General Secretary of the PRI
- Incumbent
- Assumed office 20 August 2015
- Preceded by: Ivonne Ortega Pacheco

Deputy to the Congress of the Union (State of Mexico's 27th district)
- Incumbent
- Assumed office 1 December 2015
- Preceded by: Arturo Montiel

Municipal president of Metepec
- In office 2012 – 6 January 2015
- Preceded by: Ana Lilia Herrera Anzaldo
- Succeeded by: Rafael Gómez Escalera

Personal details
- Born: 21 August 1962 (age 63) Atlacomulco, State of Mexico, Mexico
- Party: Institutional Revolutionary
- Spouse: Ernesto Nemer Álvarez
- Alma mater: Universidad del Valle de Toluca
- Occupation: Lawyer

= Carolina Monroy del Mazo =

Mexican politician

Carolina Monroy del Mazo (born 21 August 1962) is a Mexican politician and member of the Institutional Revolutionary Party (PRI). She has served as the general secretary of the PRI and as a federal deputy during the 63rd session of Congress, representing the 27th federal electoral district of the State of Mexico.

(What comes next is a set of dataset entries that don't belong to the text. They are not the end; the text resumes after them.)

(* Let $\mathscr{A}$ be a Kripke structure, $a\in A$, and $k>0$. There is an $\mathbb{M}_k$-coalgebra $\alpha:(\mathscr{A},a)\to\mathbb{M}_k(\mathscr{A},a)$ if and only if the submodel generated by $a$ is a synchronization tree of height $\le k$.
   Context: Kripke structures: $\sigma$-structures with unary symbols $P$ and binary symbols $R_\alpha$; write $a\xrightarrow{\alpha}a'$ for $R_\alpha^{\mathscr{A}}(a,a')$. $\mathbb{M}_k(\mathscr{A},a)$: universe $[a]$ (the point) plus all $[a_0,\alpha_1,a_1,\dots,\alpha_j,a_j]$ with $a_0=a$, $1\le j\le k$, $a_i\xrightarrow{\alpha_{i+1}}a_{i+1}$; $P(s)$ iff $P^{\mathscr{A}}$ holds of the last element $\varepsilon(s)$; $R_\alpha(s,t)$ iff $t=s[\alpha,a']$. Comultiplication: $\delta[a_0,\alpha_1,a_1,\dots,\alpha_j,a_j]=[[a_0],\alpha_1,[a_0,\alpha_1,a_1],\dots,\alpha_j,[a_0,\alpha_1,\dots,\alpha_j,a_j]]$; functor action on a point-preserving homomorphism $h$: $\mathbb{M}_k h[a_0,\alpha_1,a_1,\dots]=[h(a_0),\alpha_1,h(a_1),\dots]$. A coalgebra is a point-preserving homomorphism $\alpha:(\mathscr{A},a)\to\mathbb{M}_k(\mathscr{A},a)$ with $\delta\circ\alpha=\mathbb{M}_k\alpha\circ\alpha$ and $\varepsilon\circ\alpha=\mathrm{id}$. The submodel generated by $a$ is the restriction of $\mathscr{A}$ to elements $a'$ reachable by a finite path $a\xrightarrow{\alpha_1}\cdots\xrightarrow{\alpha_m}a'$ ($m\ge0$); it is a synchronization tree if each such $a'$ is reached by a unique such path, and its height is the maximum length of such a path.
   Formalization: The coalgebra $\alpha$ goes from the submodel generated by a, not from all of $\mathscr{A}$, to $\mathbb{M}_k(\mathscr{A},a)$, so $\varepsilon\circ\alpha=\mathrm{id}$ and the homomorphism conditions concern only elements reachable from a. The statement above fails without it. *)

theory Defs
  imports Main
begin

text \<open>A Kripke structure is given by a universe A :: 'a set, unary predicates
  P :: 'p => 'a => bool and binary relations R :: 'l => 'a => 'a => bool
  (R l x y means x --l--> y).\<close>

definition kripke :: "'a set \<Rightarrow> ('l \<Rightarrow> 'a \<Rightarrow> 'a \<Rightarrow> bool) \<Rightarrow> bool" where
  "kripke A R \<longleftrightarrow> (\<forall>l x y. R l x y \<longrightarrow> x \<in> A \<and> y \<in> A)"

text \<open>A path [a0, l1, a1, ..., lj, aj] is represented as (a0, [(l1,a1),...,(lj,aj)]).\<close>

fun is_path :: "('l \<Rightarrow> 'a \<Rightarrow> 'a \<Rightarrow> bool) \<Rightarrow> 'a \<Rightarrow> ('l \<times> 'a) list \<Rightarrow> bool" where
  "is_path R x [] = True"
| "is_path R x ((l, y) # ps) = (R l x y \<and> is_path R y ps)"

definition eps :: "'a \<times> ('l \<times> 'a) list \<Rightarrow> 'a" where
  "eps s = (if snd s = [] then fst s else snd (last (snd s)))"

definition Mk_univ :: "nat \<Rightarrow> ('l \<Rightarrow> 'a \<Rightarrow> 'a \<Rightarrow> bool) \<Rightarrow> 'a \<Rightarrow> ('a \<times> ('l \<times> 'a) list) set" where
  "Mk_univ k R a = {(a, ps) | ps. is_path R a ps \<and> length ps \<le> k}"

definition Mk_P :: "('p \<Rightarrow> 'a \<Rightarrow> bool) \<Rightarrow> 'p \<Rightarrow> 'a \<times> ('l \<times> 'a) list \<Rightarrow> bool" where
  "Mk_P P p s \<longleftrightarrow> P p (eps s)"

definition Mk_R :: "nat \<Rightarrow> ('l \<Rightarrow> 'a \<Rightarrow> 'a \<Rightarrow> bool) \<Rightarrow> 'a \<Rightarrow> 'l
     \<Rightarrow> 'a \<times> ('l \<times> 'a) list \<Rightarrow> 'a \<times> ('l \<times> 'a) list \<Rightarrow> bool" where
  "Mk_R k R a l s t \<longleftrightarrow> s \<in> Mk_univ k R a \<and> t \<in> Mk_univ k R a \<and>
     (\<exists>a'. t = (fst s, snd s @ [(l, a')]))"

definition hom :: "'a set \<Rightarrow> ('p \<Rightarrow> 'a \<Rightarrow> bool) \<Rightarrow> ('l \<Rightarrow> 'a \<Rightarrow> 'a \<Rightarrow> bool)
    \<Rightarrow> 'b set \<Rightarrow> ('p \<Rightarrow> 'b \<Rightarrow> bool) \<Rightarrow> ('l \<Rightarrow> 'b \<Rightarrow> 'b \<Rightarrow> bool) \<Rightarrow> ('a \<Rightarrow> 'b) \<Rightarrow> bool" where
  "hom A P R B Q S f \<longleftrightarrow> (\<forall>x\<in>A. f x \<in> B) \<and>
     (\<forall>p. \<forall>x\<in>A. P p x \<longrightarrow> Q p (f x)) \<and>
     (\<forall>l. \<forall>x\<in>A. \<forall>y\<in>A. R l x y \<longrightarrow> S l (f x) (f y))"

definition delta :: "'a \<times> ('l \<times> 'a) list \<Rightarrow>
    ('a \<times> ('l \<times> 'a) list) \<times> ('l \<times> ('a \<times> ('l \<times> 'a) list)) list" where
  "delta s = ((fst s, []),
     map (\<lambda>i. (fst (snd s ! i), (fst s, take (Suc i) (snd s)))) [0..<length (snd s)])"

definition Mk_map :: "('a \<Rightarrow> 'b) \<Rightarrow> 'a \<times> ('l \<times> 'a) list \<Rightarrow> 'b \<times> ('l \<times> 'b) list" where
  "Mk_map h s = (h (fst s), map (\<lambda>(l, y). (l, h y)) (snd s))"

text \<open>Paths from a ending in a'; the submodel generated by a consists of such a'.\<close>
definition path_to :: "('l \<Rightarrow> 'a \<Rightarrow> 'a \<Rightarrow> bool) \<Rightarrow> 'a \<Rightarrow> ('l \<times> 'a) list \<Rightarrow> 'a \<Rightarrow> bool" where
  "path_to R a ps a' \<longleftrightarrow> is_path R a ps \<and> eps (a, ps) = a'"

definition reachable :: "('l \<Rightarrow> 'a \<Rightarrow> 'a \<Rightarrow> bool) \<Rightarrow> 'a \<Rightarrow> 'a set" where
  "reachable R a = {a'. \<exists>ps. path_to R a ps a'}"

definition sync_tree :: "('l \<Rightarrow> 'a \<Rightarrow> 'a \<Rightarrow> bool) \<Rightarrow> 'a \<Rightarrow> bool" where
  "sync_tree R a \<longleftrightarrow> (\<forall>a'\<in>reachable R a. \<exists>!ps. path_to R a ps a')"

definition height_le :: "('l \<Rightarrow> 'a \<Rightarrow> 'a \<Rightarrow> bool) \<Rightarrow> 'a \<Rightarrow> nat \<Rightarrow> bool" where
  "height_le R a k \<longleftrightarrow> (\<forall>ps. is_path R a ps \<longrightarrow> length ps \<le> k)"

text \<open>Since M_k(A,a) and every
  coalgebra condition only concern the part of A reachable from the point a, the
  coalgebra is taken on the submodel generated by a.\<close>
definition Mk_coalgebra :: "nat \<Rightarrow> 'a set \<Rightarrow> ('p \<Rightarrow> 'a \<Rightarrow> bool) \<Rightarrow> ('l \<Rightarrow> 'a \<Rightarrow> 'a \<Rightarrow> bool)
    \<Rightarrow> 'a \<Rightarrow> ('a \<Rightarrow> 'a \<times> ('l \<times> 'a) list) \<Rightarrow> bool" where
  "Mk_coalgebra k A P R a \<alpha> \<longleftrightarrow>
     (let G = A \<inter> reachable R a in
     hom G P R (Mk_univ k R a) (Mk_P P) (Mk_R k R a) \<alpha> \<and>
     \<alpha> a = (a, []) \<and>
     (\<forall>x\<in>G. delta (\<alpha> x) = Mk_map \<alpha> (\<alpha> x)) \<and>
     (\<forall>x\<in>G. eps (\<alpha> x) = x))"

end

theory Submission
  imports Defs
begin

text \<open>A coalgebra \<open>\<alpha>\<close> maps the point to the trivial path and every \<open>x\<close> to a path ending in \<open>x\<close>;
  preservation of the relations forces, by induction along a path \<open>ps\<close> from \<open>a\<close>, that \<open>\<alpha>\<close> sends
  the end of \<open>ps\<close> to \<open>ps\<close> itself. Hence every reachable element has exactly one path to it,
  and its length is bounded by \<open>k\<close>. Conversely, on a synchronization tree of height \<open>\<le> k\<close>,
  sending each element to its unique path is a homomorphism, and comultiplication holds
  because the prefixes of that path are the unique paths to the intermediate elements.\<close>

lemma eps_Nil [simp]: "eps (x, []) = x"
  by (simp add: eps_def)
(* Let $R,S$ be rings and $M$ an $(S,R)$-bimodule. If $M$ is a generator of ${}_S\mathcal{M}$ and the canonical map $\chi:R\to{}_S\mathrm{End}(M)$ is an epimorphism in the category of rings, then the coinduction functor $G={}_S\mathrm{Hom}(M,\bullet):{}_S\mathcal{M}\to{}_R\mathcal{M}$ is fully faithful, that is, all counit maps $\varepsilon_Q:M\otimes_R{}_S\mathrm{Hom}(M,Q)\to Q$, $\varepsilon_Q(m\otimes_R f)=(m)f$, are isomorphisms.
   Context: Left $S$-linear maps are written on the right: $(m)f$; ${}_S\mathrm{End}(M)$ is a ring with $(m)(fg)=((m)f)g$, and $\chi(r)$ is the endomorphism $m\mapsto mr$. For $Q\in{}_S\mathcal{M}$, ${}_S\mathrm{Hom}(M,Q)$ is a left $R$-module via $(m)(r\cdot f)=(mr)f$. $G$ is right adjoint to $M\otimes_R\bullet:{}_R\mathcal{M}\to{}_S\mathcal{M}$ with counit $\varepsilon$ as given. *)

theory Defs
  imports "HOL-Algebra.Algebra" "HOL-Algebra.Free_Abelian_Groups"
begin

text \<open>Left modules over a (not necessarily commutative) ring, using the record
  type of HOL-Algebra modules (only carrier, add, zero and smult are used).\<close>

definition left_module :: "('s, 'c) ring_scheme \<Rightarrow> ('s, 'm) module \<Rightarrow> bool" where
  "left_module S M \<longleftrightarrow> ring S \<and> abelian_group M \<and> module_axioms S M"

definition right_action_axioms ::
    "('r, 'c) ring_scheme \<Rightarrow> ('s, 'm) module \<Rightarrow> ('m \<Rightarrow> 'r \<Rightarrow> 'm) \<Rightarrow> bool" where
  "right_action_axioms R M ract \<longleftrightarrow>
     (\<forall>m\<in>carrier M. \<forall>r\<in>carrier R. ract m r \<in> carrier M) \<and>
     (\<forall>m\<in>carrier M. \<forall>m'\<in>carrier M. \<forall>r\<in>carrier R.
         ract (m \<oplus>\<^bsub>M\<^esub> m') r = ract m r \<oplus>\<^bsub>M\<^esub> ract m' r) \<and>
     (\<forall>m\<in>carrier M. \<forall>r\<in>carrier R. \<forall>r'\<in>carrier R.
         ract m (r \<oplus>\<^bsub>R\<^esub> r') = ract m r \<oplus>\<^bsub>M\<^esub> ract m r') \<and>
     (\<forall>m\<in>carrier M. \<forall>r\<in>carrier R. \<forall>r'\<in>carrier R.
         ract m (r \<otimes>\<^bsub>R\<^esub> r') = ract (ract m r) r') \<and>
     (\<forall>m\<in>carrier M. ract m \<one>\<^bsub>R\<^esub> = m)"

definition bimodule ::
    "('s, 'c) ring_scheme \<Rightarrow> ('r, 'd) ring_scheme \<Rightarrow> ('s, 'm) module \<Rightarrow> ('m \<Rightarrow> 'r \<Rightarrow> 'm) \<Rightarrow> bool" where
  "bimodule S R M ract \<longleftrightarrow> left_module S M \<and> ring R \<and> right_action_axioms R M ract \<and>
     (\<forall>s\<in>carrier S. \<forall>m\<in>carrier M. \<forall>r\<in>carrier R.
        ract (s \<odot>\<^bsub>M\<^esub> m) r = s \<odot>\<^bsub>M\<^esub> ract m r)"

text \<open>Left S-linear maps M \<rightarrow> Q (the value (m)f is f m), extensional on carrier M.\<close>

definition lin_hom :: "('s, 'c) ring_scheme \<Rightarrow> ('s, 'm) module \<Rightarrow> ('s, 'q) module \<Rightarrow> ('m \<Rightarrow> 'q) set" where
  "lin_hom S M Q = {f. f \<in> carrier M \<rightarrow> carrier Q \<and> f \<in> extensional (carrier M) \<and>
     (\<forall>x\<in>carrier M. \<forall>y\<in>carrier M. f (x \<oplus>\<^bsub>M\<^esub> y) = f x \<oplus>\<^bsub>Q\<^esub> f y) \<and>
     (\<forall>s\<in>carrier S. \<forall>x\<in>carrier M. f (s \<odot>\<^bsub>M\<^esub> x) = s \<odot>\<^bsub>Q\<^esub> f x)}"

text \<open>The ring End_S(M), with (m)(fg) = ((m)f)g.\<close>

definition End_ring :: "('s, 'c) ring_scheme \<Rightarrow> ('s, 'm) module \<Rightarrow> ('m \<Rightarrow> 'm) ring" where
  "End_ring S M = \<lparr>carrier = lin_hom S M M,
     monoid.mult = (\<lambda>f g. \<lambda>m\<in>carrier M. g (f m)),
     one = (\<lambda>m\<in>carrier M. m),
     ring.zero = (\<lambda>m\<in>carrier M. \<zero>\<^bsub>M\<^esub>),
     ring.add = (\<lambda>f g. \<lambda>m\<in>carrier M. f m \<oplus>\<^bsub>M\<^esub> g m)\<rparr>"

definition chi :: "('s, 'm) module \<Rightarrow> ('m \<Rightarrow> 'r \<Rightarrow> 'm) \<Rightarrow> 'r \<Rightarrow> ('m \<Rightarrow> 'm)" where
  "chi M ract r = (\<lambda>m\<in>carrier M. ract m r)"

definition Hom_module ::
    "('r, 'd) ring_scheme \<Rightarrow> ('s, 'c) ring_scheme \<Rightarrow> ('s, 'm) module \<Rightarrow> ('m \<Rightarrow> 'r \<Rightarrow> 'm)
       \<Rightarrow> ('s, 'q) module \<Rightarrow> ('r, 'm \<Rightarrow> 'q) module" where
  "Hom_module R S M ract Q = \<lparr>carrier = lin_hom S M Q,
     monoid.mult = undefined, one = undefined,
     ring.zero = (\<lambda>m\<in>carrier M. \<zero>\<^bsub>Q\<^esub>),
     ring.add = (\<lambda>f g. \<lambda>m\<in>carrier M. f m \<oplus>\<^bsub>Q\<^esub> g m),
     smult = (\<lambda>r f. \<lambda>m\<in>carrier M. f (ract m r))\<rparr>"

text \<open>Tensor product M \<otimes>_R N of a right R-module (M, ract) and a left R-module N,
  as an abelian group: free abelian group on carrier M \<times> carrier N modulo the
  subgroup generated by the bilinearity and balancing relations.\<close>

definition tensor_rels ::
    "('r, 'd) ring_scheme \<Rightarrow> ('s, 'm) module \<Rightarrow> ('m \<Rightarrow> 'r \<Rightarrow> 'm) \<Rightarrow> ('r, 'n) module
       \<Rightarrow> ('m \<times> 'n \<Rightarrow>\<^sub>0 int) set" where
  "tensor_rels R M ract N =
     {Poly_Mapping.single (m \<oplus>\<^bsub>M\<^esub> m', n) 1 - Poly_Mapping.single (m, n) 1 - Poly_Mapping.single (m', n) 1
        | m m' n. m \<in> carrier M \<and> m' \<in> carrier M \<and> n \<in> carrier N} \<union>
     {Poly_Mapping.single (m, n \<oplus>\<^bsub>N\<^esub> n') 1 - Poly_Mapping.single (m, n) 1 - Poly_Mapping.single (m, n') 1
        | m n n'. m \<in> carrier M \<and> n \<in> carrier N \<and> n' \<in> carrier N} \<union>
     {Poly_Mapping.single (ract m r, n) 1 - Poly_Mapping.single (m, r \<odot>\<^bsub>N\<^esub> n) 1
        | m r n. m \<in> carrier M \<and> r \<in> carrier R \<and> n \<in> carrier N}"

definition tensor_group ::
    "('r, 'd) ring_scheme \<Rightarrow> ('s, 'm) module \<Rightarrow> ('m \<Rightarrow> 'r \<Rightarrow> 'm) \<Rightarrow> ('r, 'n) module
       \<Rightarrow> ('m \<times> 'n \<Rightarrow>\<^sub>0 int) set monoid" where
  "tensor_group R M ract N =
     free_Abelian_group (carrier M \<times> carrier N)
       Mod generate (free_Abelian_group (carrier M \<times> carrier N)) (tensor_rels R M ract N)"

definition tens ::
    "('r, 'd) ring_scheme \<Rightarrow> ('s, 'm) module \<Rightarrow> ('m \<Rightarrow> 'r \<Rightarrow> 'm) \<Rightarrow> ('r, 'n) module
       \<Rightarrow> 'm \<Rightarrow> 'n \<Rightarrow> ('m \<times> 'n \<Rightarrow>\<^sub>0 int) set" where
  "tens R M ract N m n =
     generate (free_Abelian_group (carrier M \<times> carrier N)) (tensor_rels R M ract N)
       #>\<^bsub>free_Abelian_group (carrier M \<times> carrier N)\<^esub> Poly_Mapping.single (m, n) 1"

==Early life and education==
Monroy obtained her law degree in 1983 from the Universidad del Valle de Toluca and briefly taught there between 1984 and 1985.

==Career==
Monroy worked for a wide variety of institutions in the state government, including the Secretariat of Labor and Social Welfare (1982–84), General Secretariat of Government (1984–86), General Directorate of Prevention and Social Readaptation (1988–93), DIF (1993–2000), State Population Council (2000–01), State of Mexico Cultural Institute (2001–05), Social Security Institute of the State of Mexico (2005) and Sistema de Radio y Televisión Mexiquense (2006–09). In 2009, she was named to the state cabinet as the Secretary of Economic Development, a post she held until 2011.

In 2013, voters elected Monroy for the first time, as the municipal president of Metepec. She left the post in 2015 in order to run for the Chamber of Deputies from the 27th district, centered on the city. She serves only on the Gender Equality Commission, having left her post on the Tourism Commission in December 2015.

The late 2000s also saw her PRI party career develop. She served as a state-level political councilor between 2006 and 2009 and as a national councilor between 2014 and 2015. In 2015, she was elected as the PRI's general secretary and was to serve until 2018; after the resignation of Manlio Fabio Beltrones in June 2016, Monroy was tapped to be the party's interim president, a capacity in which she served until Enrique Ochoa Reza became the party's president.

==Personal==
Monroy is a niece of Alfredo del Mazo González, former Governor of the State of Mexico and Secretary of Energy, and cousin of President Enrique Peña Nieto, who also governed the state; she is married to Ernesto Nemer Álvarez, General Secretary of Government of the State of Mexico and subsecretary of the Secretariat of Social Development.